Posted Mar 3, 2013 by Martin Armstrong
I was one of the three largest wholesale gold dealers going into 1980. I wrote the law making gold not taxable for the State of New Jersey stating it would not be taxed unless “converted to use” only to have the bureaucrats change that saying it was taxable because it was an “investment use” and the judges rewrote the law to accommodate the bureaucrats. The IRS came in and declared me to be a bank so they could audit all our customers (over 3,000) in 1981. I was there when the Hunt Brothers were buying silver 10 years before anyone heard of them shipping 5,000 ounce bars of silver. I have studied this market not for dogma but to make money. I am a trader – not a religious guru preaching something. Gold is a market with its ups and downs. I do not understand people who just say buy and never sell. That is what stock brokers told their clients during the Great Depression and that did not work out very well.

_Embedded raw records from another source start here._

lemma decr_seqs_last_pos:
  assumes "0 < q"
  shows "{h \<in> decr_seqs q D m. 0 < h q}
    = (if q \<le> m then succ_seq q ` decr_seqs q (D - {q}) (m - q) else {})"
proof (intro equalityI subsetI)
  fix h assume h: "h \<in> {h \<in> decr_seqs q D m. 0 < h q}"
  have pos: "0 < h i" if "i \<in> {1..q}" for i
    using h decr_seqs_antimono[of h q D m i q] that by fastforce
  define h' where "h' i = (if i \<in> {1..q} then h i - 1 else 0)" for i
  have "h = succ_seq q h'"
    using h pos unfolding succ_seq_def h'_def decr_seqs_def by fastforce
  moreover have "sum h {1..q} = m" using h unfolding decr_seqs_def by blast
  ultimately have sum_h': "sum h' {1..q} + q = m" by (metis sum_succ_seq)
  have "h' (Suc i) \<le> h' i \<and> (i \<in> D - {q} \<longrightarrow> h' (Suc i) < h' i)" if i: "i \<in> {1..q}" for i
  proof -
    have "h (Suc i) \<le> h i \<and> (i \<in> D \<longrightarrow> h (Suc i) < h i)"
      using h i unfolding decr_seqs_def by blast
    moreover have "0 < h (Suc i)" if "i \<noteq> q" using pos that i by simp
    ultimately show ?thesis using i unfolding h'_def by auto
  qed
  then have "h' \<in> decr_seqs q (D - {q}) (m - q)"
    using sum_h' unfolding decr_seqs_def by (auto simp: h'_def)
  then show "h \<in> (if q \<le> m then succ_seq q ` decr_seqs q (D - {q}) (m - q) else {})"
    using \<open>h = succ_seq q h'\<close> sum_h' by auto
next
  fix h assume "h \<in> (if q \<le> m then succ_seq q ` decr_seqs q (D - {q}) (m - q) else {})"
  then obtain h' where "q \<le> m" and h': "h' \<in> decr_seqs q (D - {q}) (m - q)" and hh: "h = succ_seq q h'"
    by (auto split: if_splits)
  have "h (Suc i) \<le> h i \<and> (i \<in> D \<longrightarrow> h (Suc i) < h i)" if i: "i \<in> {1..q}" for i
  proof (cases "i = q")
    case False
    then have "Suc i \<in> {1..q}" using i by auto
    then show ?thesis using h' i False unfolding hh succ_seq_def decr_seqs_def by auto
  qed (use assms in \<open>simp add: hh succ_seq_def\<close>)
  moreover have "sum h {1..q} = m"
    using h' \<open>q \<le> m\<close> unfolding hh sum_succ_seq decr_seqs_def by simp
  ultimately show "h \<in> {h \<in> decr_seqs q D m. 0 < h q}"
    using assms unfolding decr_seqs_def hh by (simp add: succ_seq_def)
qed

lemma inj_succ_seq: "inj_on (succ_seq q) (decr_seqs q D m)"
proof (rule inj_onI, rule ext)
  fix h h' i assume h: "h \<in> decr_seqs q D m" "h' \<in> decr_seqs q D m"
    and eq: "succ_seq q h = succ_seq q h'"
  show "h i = h' i"
  proof (cases "i \<in> {1..q}")
    case True
    then show ?thesis using fun_cong[OF eq, of i] by (simp add: succ_seq_def)
  qed (use h in \<open>simp add: decr_seqs_def\<close>)
qed

lemma decr_seqs_fps_Suc:
  assumes "D \<subseteq> {1..Suc p}"
  shows "(decr_seqs_fps (Suc p) D :: 'a::comm_ring_1 fps)
    = (if Suc p \<in> D then 0 else decr_seqs_fps p D) + fps_X ^ Suc p * decr_seqs_fps (Suc p) (D - {Suc p})"
proof (rule fps_ext)
  fix m
  let ?q = "Suc p"
  let ?Z = "{h \<in> decr_seqs ?q D m. h ?q = 0}" and ?N = "{h \<in> decr_seqs ?q D m. 0 < h ?q}"
  have "card ?Z + card ?N = card (?Z \<union> ?N)"
    using finite_decr_seqs by (intro card_Un_disjoint[symmetric]) auto
  also have "?Z \<union> ?N = decr_seqs ?q D m" by auto
  finally have "card (decr_seqs ?q D m) = card ?Z + card ?N" by simp
  moreover have "?Z = (if ?q \<in> D then {} else decr_seqs p D m)"
  proof (cases "?q \<in> D")
    case False
    then have "D \<subseteq> {1..p}" using assms by (auto simp: le_Suc_eq)
    then show ?thesis using False decr_seqs_last_zero by simp
  qed (auto simp: decr_seqs_def)
  moreover have "card ?N = (if ?q \<le> m then card (decr_seqs ?q (D - {?q}) (m - ?q)) else 0)"
    by (simp add: decr_seqs_last_pos card_image[OF inj_succ_seq])
  ultimately show "decr_seqs_fps ?q D $ m
      = ((if ?q \<in> D then 0 else decr_seqs_fps p D) + fps_X ^ ?q * decr_seqs_fps ?q (D - {?q}) :: 'a fps) $ m"
    unfolding decr_seqs_fps_def by (simp add: fps_X_power_mult_nth not_less del: power_Suc)
qed

lemma decr_seqs_fps_Suc_notin:
  assumes "D \<subseteq> {1..p}"
  shows "decr_seqs_fps (Suc p) D * (1 - fps_X ^ Suc p) = (decr_seqs_fps p D :: 'a::comm_ring_1 fps)"
proof -
  have "D \<subseteq> {1..Suc p}" "Suc p \<notin> D" "D - {Suc p} = D" using assms by auto
  then have "decr_seqs_fps (Suc p) D = decr_seqs_fps p D + fps_X ^ Suc p * (decr_seqs_fps (Suc p) D :: 'a fps)"
    using decr_seqs_fps_Suc[of D p] by simp
  then show ?thesis by (simp add: algebra_simps)
qed

lemma decr_seqs_fps_0: "decr_seqs_fps 0 {} = 1"
proof (rule fps_ext)
  fix m
  have "h \<in> decr_seqs 0 {} m \<longleftrightarrow> h = (\<lambda>_. 0) \<and> m = 0" for h
    unfolding decr_seqs_def by auto
  then have "decr_seqs 0 {} m = (if m = 0 then {\<lambda>_. 0} else {})" by auto
  then show "decr_seqs_fps 0 {} $ m = 1 $ m" by (simp add: decr_seqs_fps_def)
qed

lemma decr_seqs_fps_times_prod:
  assumes "D \<subseteq> {1..q}"
  shows "decr_seqs_fps q D * (\<Prod>i=1..q. 1 - fps_X ^ i) = (fps_X ^ \<Sum>D :: 'a::comm_ring_1 fps)"
  using assms
proof (induction q arbitrary: D)
  case 0
  then show ?case by (simp add: decr_seqs_fps_0)
next
  case (Suc p)
  have prod_Suc: "(\<Prod>i=1..Suc p. 1 - fps_X ^ i) = (\<Prod>i=1..p. 1 - fps_X ^ i) * (1 - fps_X ^ Suc p :: 'a fps)"
    by (simp add: prod.cl_ivl_Suc)
  have without_last: "decr_seqs_fps (Suc p) E * (\<Prod>i=1..Suc p. 1 - fps_X ^ i) = (fps_X ^ \<Sum>E :: 'a fps)"
    if E: "E \<subseteq> {1..p}" for E
  proof -
    have "decr_seqs_fps (Suc p) E * (\<Prod>i=1..Suc p. 1 - fps_X ^ i)
        = decr_seqs_fps (Suc p) E * (1 - fps_X ^ Suc p) * (\<Prod>i=1..p. 1 - fps_X ^ i :: 'a fps)"
      unfolding prod_Suc by (simp only: mult_ac)
    also have "\<dots> = fps_X ^ \<Sum>E" unfolding decr_seqs_fps_Suc_notin[OF E] by (rule Suc.IH[OF E])
    finally show ?thesis .
  qed
  show ?case
  proof (cases "Suc p \<in> D")
    case False
    then have "D \<subseteq> {1..p}" using Suc.prems by (auto simp: le_Suc_eq)
    then show ?thesis by (rule without_last)
  next
    case True
    have D': "D - {Suc p} \<subseteq> {1..p}" using Suc.prems by (auto simp: le_Suc_eq)
    have "finite D" by (rule finite_subset[OF Suc.prems]) simp
    then have sum_D: "\<Sum>D = Suc p + \<Sum>(D - {Suc p})" using True by (rule sum.remove)
    have "decr_seqs_fps (Suc p) D = fps_X ^ Suc p * (decr_seqs_fps (Suc p) (D - {Suc p}) :: 'a fps)"
      using decr_seqs_fps_Suc[OF Suc.prems] True by simp
    then have "decr_seqs_fps (Suc p) D * (\<Prod>i=1..Suc p. 1 - fps_X ^ i)
        = fps_X ^ Suc p * (decr_seqs_fps (Suc p) (D - {Suc p}) * (\<Prod>i=1..Suc p. 1 - fps_X ^ i) :: 'a fps)"
      by (simp only: mult.assoc)
    also have "\<dots> = fps_X ^ \<Sum>D" unfolding without_last[OF D'] sum_D by (rule power_add[symmetric])
    finally show ?thesis .
  qed
qed

section \<open>Partitions compatible with a linear extension\<close>

definition precedes :: "('a \<Rightarrow> nat) \<Rightarrow> ('a \<Rightarrow> nat) \<Rightarrow> 'a \<Rightarrow> 'a \<Rightarrow> bool" where
  "precedes f \<omega> x y \<longleftrightarrow> f y < f x \<or> (f y = f x \<and> \<omega> x < \<omega> y)"

definition compatible :: "'a set \<Rightarrow> ('a \<Rightarrow> nat) \<Rightarrow> ('a \<Rightarrow> nat) \<Rightarrow> ('a \<Rightarrow> nat) \<Rightarrow> bool" where
  "compatible P \<omega> g f \<longleftrightarrow> (\<forall>x\<in>P. \<forall>y\<in>P. g x < g y \<longrightarrow> precedes f \<omega> x y)"

lemma transp_precedes: "transp (precedes f \<omega>)"
  by (rule transpI) (auto simp: precedes_def)

lemma precedes_asym: "precedes f \<omega> x y \<Longrightarrow> \<not> precedes f \<omega> y x"
  by (auto simp: precedes_def)

lemma totalp_on_precedes: "inj_on \<omega> A \<Longrightarrow> totalp_on A (precedes f \<omega>)"
proof (rule totalp_onI)
  fix x y assume "inj_on \<omega> A" "x \<in> A" "y \<in> A" "x \<noteq> y"
  then have "\<omega> x \<noteq> \<omega> y" by (auto dest: inj_onD)
  then show "precedes f \<omega> x y \<or> precedes f \<omega> y x" unfolding precedes_def by linarith
qed

lemma precedes_iff:
  assumes "\<omega> x \<noteq> \<omega> y"
  shows "precedes f \<omega> x y \<longleftrightarrow> f y \<le> f x \<and> (\<omega> y < \<omega> x \<longrightarrow> f y < f x)"
  using assms by (auto simp: precedes_def)

lemma compatible_less_iff:
  assumes "inj_on g P" "compatible P \<omega> g f" "x \<in> P" "y \<in> P"
  shows "g x < g y \<longleftrightarrow> precedes f \<omega> x y"
proof
  assume "precedes f \<omega> x y"
  moreover have "x \<noteq> y" using calculation by (auto simp: precedes_def)
  then have "g x \<noteq> g y" using assms(1,3,4) by (auto dest: inj_onD)
  ultimately show "g x < g y"
    using assms(2-4) precedes_asym unfolding compatible_def by (meson linorder_neqE_nat)
qed (use assms(2-4) in \<open>simp add: compatible_def\<close>)

lemma compatible_unique:
  assumes g1: "bij_betw g1 P {1..card P}" and g2: "bij_betw g2 P {1..card P}"
    and "compatible P \<omega> g1 f" "compatible P \<omega> g2 f" "x \<in> P"
  shows "g1 x = g2 x"
proof -
  have "{y \<in> P. g1 y < g1 x} = {y \<in> P. g2 y < g2 x}"
    using assms compatible_less_iff[OF bij_betw_imp_inj_on[OF g1]]
      compatible_less_iff[OF bij_betw_imp_inj_on[OF g2]] by blast
  then show ?thesis
    using rank_less_of_bij[OF g1 \<open>x \<in> P\<close>] rank_less_of_bij[OF g2 \<open>x \<in> P\<close>] by (simp add: rank_def)
qed

lemma labeled_poset_finite: "labeled_poset le P \<omega> \<Longrightarrow> finite P"
  by (simp add: labeled_poset_def)

lemma labeled_poset_inj_on: "labeled_poset le P \<omega> \<Longrightarrow> inj_on \<omega> P"
  by (simp add: labeled_poset_def bij_betw_def)

lemma linear_extension_bij_betw: "linear_extension le P g \<Longrightarrow> bij_betw g P {1..card P}"
  by (simp add: linear_extension_def)

lemma strict_total_order_precedes:
  assumes "inj_on \<omega> P"
  shows "transp_on P (precedes f \<omega>)" "irreflp_on P (precedes f \<omega>)" "totalp_on P (precedes f \<omega>)"
proof -
  show "transp_on P (precedes f \<omega>)" using transp_precedes by (rule transp_on_subset) simp
  show "irreflp_on P (precedes f \<omega>)" by (rule irreflp_onI) (simp add: precedes_def)
  show "totalp_on P (precedes f \<omega>)" using assms by (rule totalp_on_precedes)
qed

Anyone can preach “fiat” and inflation to hyperinflation and just tell everyone to buy and hold forever for one day you will be right just like a broken clock is correct twice a day. The problem is, gold is mortal. It declined by 50% from $200 to $100 into 1976 and it declined for 19 years from 1980 to 1999. This is about a market. Not about some religious belief in metals. It is what it is. Nothing more. There will be NO HYPERINFLATION – government will defend the bankers and wage war against its citizens rather than print money oblivious to everything.
The system is collapsing from its own weight. You can die from extreme cold or extreme heat – both will kill you. The same is true of hyperinflation and deflation. This is NOT about how high will gold soar in price – that assumes the dollar survives even as a measurement tool. This is about a store of wealth for the transition to the new currency that will inevitably be forced upon the world. Communism collapsed – now it is the Socialist’s turn.Sorry, but even in hyperinflation, real estate rose in value in Germany and became the backing of the new currency.
Yes, we were always well capitalized and spent more on research than most analysts made in a lifetime. My personal philosophy was simple – I knew nothing and followed the breadcrumbs and let the markets teach me what they were all about. Predetermined concepts produce inevitable losses.
On reader wrote:
Yesterday, at the end of his show, a listener called [HOST] and asked him the same question about the relationship between real estate and interest rates, which is the subject of your last post. [The HOST] gave the exact opposite answer than you…
I listen to his show every day only by curiosity. Every single day he says :”Buy gold, buy gold, it will go up”. When it goes up, he says:” I told you so!”; and when it goes down, he says: “It is the best time to buy!”. And 2 or 3 weeks ago, a listener asked him if gold and inflation are exactly correlated. He answered that it is not a perfect correlation, sometimes they diverge for a short period of time and he gave as an example the period 1980-1999 saying that it was a time to accumulate. 19 years = a short period of time? It is more than half my life! He should instead advice people to emigrate to a country where the government is not hungry of their money, it is a much better alternative than the passive buying of magical gold.
Fortunately your write posts, which prevents me to become (or stay) as dumb as the majority, including those who have PhDs.